> AIM OF THE TASK:
Among the lines below, take the one holding "using C(2) linear_span_image[OF", the one holding "P \<Longrightarrow> Vector_Spaces.linear", and all lines between them. Set them down exactly.

(Recorded data)
+++++
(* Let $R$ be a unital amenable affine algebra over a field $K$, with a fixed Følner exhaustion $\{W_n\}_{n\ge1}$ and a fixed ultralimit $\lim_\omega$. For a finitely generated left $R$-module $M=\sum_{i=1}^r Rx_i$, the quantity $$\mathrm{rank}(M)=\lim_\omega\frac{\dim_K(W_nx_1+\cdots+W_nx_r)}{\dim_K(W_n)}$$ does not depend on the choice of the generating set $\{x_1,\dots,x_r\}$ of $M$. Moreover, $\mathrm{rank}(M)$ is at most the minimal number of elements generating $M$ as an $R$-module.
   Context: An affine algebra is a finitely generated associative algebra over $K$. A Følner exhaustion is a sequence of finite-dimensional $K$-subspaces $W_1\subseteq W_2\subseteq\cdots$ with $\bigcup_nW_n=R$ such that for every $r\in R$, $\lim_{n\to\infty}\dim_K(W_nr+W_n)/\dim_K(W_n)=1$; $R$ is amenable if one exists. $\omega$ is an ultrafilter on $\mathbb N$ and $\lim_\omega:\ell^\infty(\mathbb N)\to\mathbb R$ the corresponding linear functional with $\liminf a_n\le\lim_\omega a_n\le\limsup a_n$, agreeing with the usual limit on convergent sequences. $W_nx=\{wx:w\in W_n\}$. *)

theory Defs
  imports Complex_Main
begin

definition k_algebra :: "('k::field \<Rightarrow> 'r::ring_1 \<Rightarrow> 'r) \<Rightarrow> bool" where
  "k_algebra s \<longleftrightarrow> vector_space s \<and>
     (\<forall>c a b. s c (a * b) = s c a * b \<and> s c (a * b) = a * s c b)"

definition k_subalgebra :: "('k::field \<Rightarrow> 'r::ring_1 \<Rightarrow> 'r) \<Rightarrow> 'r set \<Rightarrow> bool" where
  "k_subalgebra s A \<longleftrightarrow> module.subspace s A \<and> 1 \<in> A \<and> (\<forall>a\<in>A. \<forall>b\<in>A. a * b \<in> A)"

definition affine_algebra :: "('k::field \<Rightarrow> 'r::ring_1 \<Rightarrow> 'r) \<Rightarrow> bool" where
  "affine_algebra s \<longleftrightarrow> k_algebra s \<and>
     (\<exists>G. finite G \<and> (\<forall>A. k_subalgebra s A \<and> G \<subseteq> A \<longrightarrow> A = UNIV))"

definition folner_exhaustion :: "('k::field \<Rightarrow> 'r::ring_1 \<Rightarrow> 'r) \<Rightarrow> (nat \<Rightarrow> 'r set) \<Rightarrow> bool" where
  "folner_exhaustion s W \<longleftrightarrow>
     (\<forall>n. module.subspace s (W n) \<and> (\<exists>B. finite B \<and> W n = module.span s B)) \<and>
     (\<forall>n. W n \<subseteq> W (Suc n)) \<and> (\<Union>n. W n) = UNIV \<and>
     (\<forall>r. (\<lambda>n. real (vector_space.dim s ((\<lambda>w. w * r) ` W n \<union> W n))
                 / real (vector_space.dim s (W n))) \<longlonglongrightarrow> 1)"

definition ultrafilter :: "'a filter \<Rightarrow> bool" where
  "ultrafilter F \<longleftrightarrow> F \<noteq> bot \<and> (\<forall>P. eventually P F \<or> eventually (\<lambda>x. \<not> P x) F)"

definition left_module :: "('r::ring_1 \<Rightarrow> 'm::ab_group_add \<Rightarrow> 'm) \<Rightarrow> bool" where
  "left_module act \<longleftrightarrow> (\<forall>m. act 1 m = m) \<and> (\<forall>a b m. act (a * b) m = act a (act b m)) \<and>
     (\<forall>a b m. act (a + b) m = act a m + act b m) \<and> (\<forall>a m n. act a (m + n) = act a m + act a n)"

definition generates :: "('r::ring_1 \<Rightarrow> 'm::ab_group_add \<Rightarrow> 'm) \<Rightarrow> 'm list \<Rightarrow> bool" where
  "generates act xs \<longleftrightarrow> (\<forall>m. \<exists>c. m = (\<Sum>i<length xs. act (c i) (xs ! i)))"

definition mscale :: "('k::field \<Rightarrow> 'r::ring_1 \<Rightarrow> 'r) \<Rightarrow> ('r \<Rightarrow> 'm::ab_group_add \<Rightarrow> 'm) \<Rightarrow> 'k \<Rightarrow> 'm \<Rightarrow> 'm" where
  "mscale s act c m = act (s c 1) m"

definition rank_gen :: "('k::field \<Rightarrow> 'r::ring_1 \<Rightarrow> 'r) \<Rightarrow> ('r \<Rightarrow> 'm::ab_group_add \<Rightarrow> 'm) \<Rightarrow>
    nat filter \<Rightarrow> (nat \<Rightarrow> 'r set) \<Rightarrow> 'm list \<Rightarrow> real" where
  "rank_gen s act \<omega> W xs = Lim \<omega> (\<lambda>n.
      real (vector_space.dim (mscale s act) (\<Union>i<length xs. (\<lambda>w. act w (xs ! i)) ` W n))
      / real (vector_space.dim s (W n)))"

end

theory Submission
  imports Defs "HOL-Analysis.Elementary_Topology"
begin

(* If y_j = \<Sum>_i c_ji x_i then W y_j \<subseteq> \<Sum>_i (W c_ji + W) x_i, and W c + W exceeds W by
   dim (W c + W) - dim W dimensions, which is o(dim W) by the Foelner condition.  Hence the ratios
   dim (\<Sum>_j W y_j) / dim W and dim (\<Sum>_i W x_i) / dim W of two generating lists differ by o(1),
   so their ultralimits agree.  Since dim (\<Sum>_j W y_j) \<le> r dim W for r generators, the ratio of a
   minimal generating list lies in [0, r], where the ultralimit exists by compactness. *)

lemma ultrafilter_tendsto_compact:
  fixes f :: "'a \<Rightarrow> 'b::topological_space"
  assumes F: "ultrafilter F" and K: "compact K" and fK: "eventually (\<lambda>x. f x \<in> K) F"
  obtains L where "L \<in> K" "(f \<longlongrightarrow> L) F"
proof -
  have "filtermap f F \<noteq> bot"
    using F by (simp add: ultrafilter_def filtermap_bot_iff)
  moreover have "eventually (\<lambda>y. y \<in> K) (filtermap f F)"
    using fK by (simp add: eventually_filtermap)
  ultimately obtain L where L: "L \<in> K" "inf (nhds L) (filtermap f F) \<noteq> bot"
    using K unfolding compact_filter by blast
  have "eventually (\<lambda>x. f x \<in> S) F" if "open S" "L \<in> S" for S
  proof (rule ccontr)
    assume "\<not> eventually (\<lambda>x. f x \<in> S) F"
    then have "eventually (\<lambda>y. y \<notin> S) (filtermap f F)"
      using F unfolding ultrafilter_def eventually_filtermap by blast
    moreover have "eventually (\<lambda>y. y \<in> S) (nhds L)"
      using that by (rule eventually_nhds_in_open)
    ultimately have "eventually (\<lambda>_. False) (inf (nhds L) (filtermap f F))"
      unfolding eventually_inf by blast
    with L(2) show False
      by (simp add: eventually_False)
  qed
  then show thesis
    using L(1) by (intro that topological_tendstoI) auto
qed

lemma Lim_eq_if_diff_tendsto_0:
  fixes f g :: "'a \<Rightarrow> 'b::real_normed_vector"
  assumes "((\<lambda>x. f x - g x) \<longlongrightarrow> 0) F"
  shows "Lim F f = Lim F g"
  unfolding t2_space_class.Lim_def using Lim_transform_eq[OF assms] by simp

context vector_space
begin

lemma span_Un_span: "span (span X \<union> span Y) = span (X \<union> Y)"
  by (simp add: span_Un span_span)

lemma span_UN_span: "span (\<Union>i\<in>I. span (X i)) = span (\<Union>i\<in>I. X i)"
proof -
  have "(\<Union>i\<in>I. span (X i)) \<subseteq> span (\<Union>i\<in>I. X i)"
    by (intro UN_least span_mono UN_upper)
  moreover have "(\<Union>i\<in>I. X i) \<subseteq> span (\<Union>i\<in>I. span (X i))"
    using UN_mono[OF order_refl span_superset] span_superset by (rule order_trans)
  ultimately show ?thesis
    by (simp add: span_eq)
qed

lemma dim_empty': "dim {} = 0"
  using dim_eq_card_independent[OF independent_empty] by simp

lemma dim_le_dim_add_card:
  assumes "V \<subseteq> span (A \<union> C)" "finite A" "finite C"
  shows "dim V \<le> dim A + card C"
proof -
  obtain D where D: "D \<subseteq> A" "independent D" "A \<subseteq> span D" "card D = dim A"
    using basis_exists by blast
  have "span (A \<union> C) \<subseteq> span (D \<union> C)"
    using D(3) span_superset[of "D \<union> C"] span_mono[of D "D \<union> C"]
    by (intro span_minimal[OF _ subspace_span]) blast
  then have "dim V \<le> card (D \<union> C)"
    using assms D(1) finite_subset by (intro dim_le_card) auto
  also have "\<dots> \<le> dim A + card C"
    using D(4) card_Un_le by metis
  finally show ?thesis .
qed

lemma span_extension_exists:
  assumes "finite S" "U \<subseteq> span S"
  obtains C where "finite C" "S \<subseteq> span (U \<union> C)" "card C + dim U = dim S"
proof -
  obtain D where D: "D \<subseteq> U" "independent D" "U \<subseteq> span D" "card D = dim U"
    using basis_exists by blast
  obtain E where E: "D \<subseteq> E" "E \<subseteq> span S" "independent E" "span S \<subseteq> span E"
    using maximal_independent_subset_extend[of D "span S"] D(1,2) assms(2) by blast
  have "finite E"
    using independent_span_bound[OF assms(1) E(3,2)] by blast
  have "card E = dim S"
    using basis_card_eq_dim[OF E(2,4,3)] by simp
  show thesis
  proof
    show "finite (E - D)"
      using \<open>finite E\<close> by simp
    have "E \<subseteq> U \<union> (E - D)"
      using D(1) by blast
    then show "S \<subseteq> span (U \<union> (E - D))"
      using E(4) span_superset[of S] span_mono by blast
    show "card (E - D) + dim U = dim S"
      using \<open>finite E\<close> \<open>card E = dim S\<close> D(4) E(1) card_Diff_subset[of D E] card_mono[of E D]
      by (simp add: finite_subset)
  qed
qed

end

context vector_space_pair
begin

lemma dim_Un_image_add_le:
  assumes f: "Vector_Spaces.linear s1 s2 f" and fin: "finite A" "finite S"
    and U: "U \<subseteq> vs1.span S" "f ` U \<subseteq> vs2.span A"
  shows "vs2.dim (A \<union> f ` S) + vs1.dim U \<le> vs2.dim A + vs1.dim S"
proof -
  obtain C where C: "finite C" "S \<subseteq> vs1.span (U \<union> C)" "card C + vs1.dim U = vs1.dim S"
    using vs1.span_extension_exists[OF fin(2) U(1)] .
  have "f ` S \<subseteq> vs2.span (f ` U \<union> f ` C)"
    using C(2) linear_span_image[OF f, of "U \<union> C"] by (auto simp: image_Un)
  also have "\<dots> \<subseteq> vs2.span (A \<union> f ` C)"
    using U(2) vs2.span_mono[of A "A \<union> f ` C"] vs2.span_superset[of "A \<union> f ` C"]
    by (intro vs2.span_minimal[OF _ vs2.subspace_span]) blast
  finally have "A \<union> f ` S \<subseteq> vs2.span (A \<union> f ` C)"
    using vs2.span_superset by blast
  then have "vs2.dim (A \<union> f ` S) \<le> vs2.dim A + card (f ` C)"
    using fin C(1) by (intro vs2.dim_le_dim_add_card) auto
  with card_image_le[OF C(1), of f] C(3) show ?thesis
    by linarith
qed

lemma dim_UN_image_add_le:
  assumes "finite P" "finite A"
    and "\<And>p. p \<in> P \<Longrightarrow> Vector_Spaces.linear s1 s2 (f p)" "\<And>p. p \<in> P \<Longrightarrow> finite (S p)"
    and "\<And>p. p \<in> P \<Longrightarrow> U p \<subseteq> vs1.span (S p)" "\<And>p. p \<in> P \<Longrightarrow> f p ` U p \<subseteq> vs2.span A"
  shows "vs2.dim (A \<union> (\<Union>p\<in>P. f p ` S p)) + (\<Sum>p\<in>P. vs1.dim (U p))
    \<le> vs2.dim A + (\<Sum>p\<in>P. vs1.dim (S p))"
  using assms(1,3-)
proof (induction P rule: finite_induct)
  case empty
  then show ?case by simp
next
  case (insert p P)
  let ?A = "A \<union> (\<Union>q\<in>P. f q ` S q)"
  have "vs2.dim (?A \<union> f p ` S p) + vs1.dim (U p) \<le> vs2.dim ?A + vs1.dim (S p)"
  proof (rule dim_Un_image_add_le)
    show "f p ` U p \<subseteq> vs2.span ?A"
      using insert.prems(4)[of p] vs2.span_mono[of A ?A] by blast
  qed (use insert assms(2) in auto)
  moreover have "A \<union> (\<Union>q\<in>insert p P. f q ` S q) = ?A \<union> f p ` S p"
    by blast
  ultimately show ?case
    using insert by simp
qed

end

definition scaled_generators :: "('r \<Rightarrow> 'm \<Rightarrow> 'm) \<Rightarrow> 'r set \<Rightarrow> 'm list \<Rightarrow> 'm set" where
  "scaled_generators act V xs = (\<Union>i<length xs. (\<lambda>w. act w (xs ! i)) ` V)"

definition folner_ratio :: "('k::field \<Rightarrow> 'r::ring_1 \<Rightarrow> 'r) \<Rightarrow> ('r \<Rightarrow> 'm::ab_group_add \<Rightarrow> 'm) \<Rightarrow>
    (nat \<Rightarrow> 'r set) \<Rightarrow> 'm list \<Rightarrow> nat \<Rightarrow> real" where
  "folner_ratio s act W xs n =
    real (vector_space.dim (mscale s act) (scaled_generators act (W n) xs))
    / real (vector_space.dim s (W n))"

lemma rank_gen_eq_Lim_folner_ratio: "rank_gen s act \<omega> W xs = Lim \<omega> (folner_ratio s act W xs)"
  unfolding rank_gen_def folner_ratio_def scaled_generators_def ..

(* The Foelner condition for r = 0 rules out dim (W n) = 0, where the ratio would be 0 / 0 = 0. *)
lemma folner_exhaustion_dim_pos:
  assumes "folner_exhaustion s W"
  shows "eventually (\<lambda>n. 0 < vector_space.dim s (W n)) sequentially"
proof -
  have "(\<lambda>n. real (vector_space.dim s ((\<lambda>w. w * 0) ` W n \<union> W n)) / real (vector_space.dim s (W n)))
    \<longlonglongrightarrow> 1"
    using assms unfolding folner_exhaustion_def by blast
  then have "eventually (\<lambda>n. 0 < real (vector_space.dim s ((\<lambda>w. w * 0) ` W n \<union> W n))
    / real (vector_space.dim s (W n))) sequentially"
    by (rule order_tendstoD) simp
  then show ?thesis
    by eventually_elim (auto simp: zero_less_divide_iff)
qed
+++++
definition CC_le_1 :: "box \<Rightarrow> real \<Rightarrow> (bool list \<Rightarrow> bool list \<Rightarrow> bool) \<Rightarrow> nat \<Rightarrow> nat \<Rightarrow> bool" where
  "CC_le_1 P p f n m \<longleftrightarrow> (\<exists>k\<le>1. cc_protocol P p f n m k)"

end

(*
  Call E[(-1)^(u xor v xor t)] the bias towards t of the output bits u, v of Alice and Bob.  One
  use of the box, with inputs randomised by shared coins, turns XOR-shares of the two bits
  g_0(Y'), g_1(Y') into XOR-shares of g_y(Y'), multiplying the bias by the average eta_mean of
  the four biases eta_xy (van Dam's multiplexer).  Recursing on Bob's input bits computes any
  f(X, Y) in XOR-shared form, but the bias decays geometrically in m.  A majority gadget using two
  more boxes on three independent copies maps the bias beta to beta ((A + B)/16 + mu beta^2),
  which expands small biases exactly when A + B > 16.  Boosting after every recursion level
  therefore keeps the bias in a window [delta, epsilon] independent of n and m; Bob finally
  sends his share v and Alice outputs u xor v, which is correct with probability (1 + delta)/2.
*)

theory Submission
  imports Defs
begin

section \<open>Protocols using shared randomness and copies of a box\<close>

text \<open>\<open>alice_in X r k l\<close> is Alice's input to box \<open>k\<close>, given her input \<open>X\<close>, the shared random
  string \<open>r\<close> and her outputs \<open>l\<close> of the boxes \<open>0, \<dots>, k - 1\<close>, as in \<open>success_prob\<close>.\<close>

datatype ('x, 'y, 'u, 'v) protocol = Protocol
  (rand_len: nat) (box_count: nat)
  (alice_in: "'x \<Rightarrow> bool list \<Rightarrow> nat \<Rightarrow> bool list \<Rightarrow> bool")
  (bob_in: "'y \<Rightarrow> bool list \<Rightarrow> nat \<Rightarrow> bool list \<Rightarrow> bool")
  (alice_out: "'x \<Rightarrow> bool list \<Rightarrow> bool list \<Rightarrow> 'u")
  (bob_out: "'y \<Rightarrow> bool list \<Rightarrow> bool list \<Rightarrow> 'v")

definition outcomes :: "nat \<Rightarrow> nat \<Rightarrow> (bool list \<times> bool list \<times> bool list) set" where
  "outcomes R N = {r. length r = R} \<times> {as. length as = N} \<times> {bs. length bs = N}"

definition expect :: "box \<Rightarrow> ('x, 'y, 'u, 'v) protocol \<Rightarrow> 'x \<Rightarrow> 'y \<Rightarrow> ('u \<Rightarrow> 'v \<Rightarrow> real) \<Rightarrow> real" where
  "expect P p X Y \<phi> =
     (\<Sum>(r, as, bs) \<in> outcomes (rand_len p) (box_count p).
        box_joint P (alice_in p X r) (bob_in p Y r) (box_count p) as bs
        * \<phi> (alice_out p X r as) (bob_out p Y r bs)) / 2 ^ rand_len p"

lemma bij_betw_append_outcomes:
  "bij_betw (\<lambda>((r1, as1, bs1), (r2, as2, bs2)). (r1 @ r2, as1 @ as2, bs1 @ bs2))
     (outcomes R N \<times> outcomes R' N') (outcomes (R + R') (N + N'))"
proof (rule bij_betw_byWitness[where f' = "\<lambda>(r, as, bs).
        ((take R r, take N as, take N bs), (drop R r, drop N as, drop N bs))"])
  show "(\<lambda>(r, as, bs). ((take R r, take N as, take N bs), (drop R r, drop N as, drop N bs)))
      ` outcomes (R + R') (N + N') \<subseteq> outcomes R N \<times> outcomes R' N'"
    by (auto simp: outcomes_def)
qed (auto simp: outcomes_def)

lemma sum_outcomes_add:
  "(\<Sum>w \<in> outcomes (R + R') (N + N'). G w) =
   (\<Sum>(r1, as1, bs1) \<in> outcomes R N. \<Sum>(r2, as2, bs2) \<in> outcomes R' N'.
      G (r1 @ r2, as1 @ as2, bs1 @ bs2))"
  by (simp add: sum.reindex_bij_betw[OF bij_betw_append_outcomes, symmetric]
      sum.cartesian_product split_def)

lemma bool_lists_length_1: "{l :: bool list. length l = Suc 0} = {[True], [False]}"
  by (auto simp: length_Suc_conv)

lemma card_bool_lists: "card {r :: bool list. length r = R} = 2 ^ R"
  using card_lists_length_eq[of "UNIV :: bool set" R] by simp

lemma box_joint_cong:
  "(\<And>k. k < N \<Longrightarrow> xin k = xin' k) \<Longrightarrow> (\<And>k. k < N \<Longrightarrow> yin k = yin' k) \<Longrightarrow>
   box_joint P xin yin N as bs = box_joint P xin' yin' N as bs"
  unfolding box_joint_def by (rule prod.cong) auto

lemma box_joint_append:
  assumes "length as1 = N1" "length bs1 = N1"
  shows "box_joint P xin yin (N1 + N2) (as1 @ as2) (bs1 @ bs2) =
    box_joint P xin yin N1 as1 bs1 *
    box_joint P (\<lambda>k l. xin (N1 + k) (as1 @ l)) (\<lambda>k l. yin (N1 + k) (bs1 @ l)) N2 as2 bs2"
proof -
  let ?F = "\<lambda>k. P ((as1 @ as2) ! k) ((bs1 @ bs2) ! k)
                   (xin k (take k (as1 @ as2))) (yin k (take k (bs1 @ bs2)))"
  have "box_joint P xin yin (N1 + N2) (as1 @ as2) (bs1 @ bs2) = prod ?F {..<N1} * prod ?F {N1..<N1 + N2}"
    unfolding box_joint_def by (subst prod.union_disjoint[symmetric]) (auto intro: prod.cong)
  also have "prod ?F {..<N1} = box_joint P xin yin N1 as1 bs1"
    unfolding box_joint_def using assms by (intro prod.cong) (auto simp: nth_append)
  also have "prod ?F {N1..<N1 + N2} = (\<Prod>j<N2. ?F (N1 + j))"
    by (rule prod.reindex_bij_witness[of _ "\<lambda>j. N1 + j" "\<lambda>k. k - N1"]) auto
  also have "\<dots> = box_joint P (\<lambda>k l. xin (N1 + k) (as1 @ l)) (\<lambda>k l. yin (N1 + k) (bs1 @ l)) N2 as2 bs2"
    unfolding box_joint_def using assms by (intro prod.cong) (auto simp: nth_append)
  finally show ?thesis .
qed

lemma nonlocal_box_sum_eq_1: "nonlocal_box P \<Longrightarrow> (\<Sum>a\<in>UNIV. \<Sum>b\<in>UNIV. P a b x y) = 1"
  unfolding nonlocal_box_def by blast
+++++
> YOUR SOLUTION:
    using C(2) linear_span_image[OF f, of "U \<union> C"] by (auto simp: image_Un)
  also have "\<dots> \<subseteq> vs2.span (A \<union> f ` C)"
    using U(2) vs2.span_mono[of A "A \<union> f ` C"] vs2.span_superset[of "A \<union> f ` C"]
    by (intro vs2.span_minimal[OF _ vs2.subspace_span]) blast
  finally have "A \<union> f ` S \<subseteq> vs2.span (A \<union> f ` C)"
    using vs2.span_superset by blast
  then have "vs2.dim (A \<union> f ` S) \<le> vs2.dim A + card (f ` C)"
    using fin C(1) by (intro vs2.dim_le_dim_add_card) auto
  with card_image_le[OF C(1), of f] C(3) show ?thesis
    by linarith
qed

lemma dim_UN_image_add_le:
  assumes "finite P" "finite A"
    and "\<And>p. p \<in> P \<Longrightarrow> Vector_Spaces.linear s1 s2 (f p)" "\<And>p. p \<in> P \<Longrightarrow> finite (S p)"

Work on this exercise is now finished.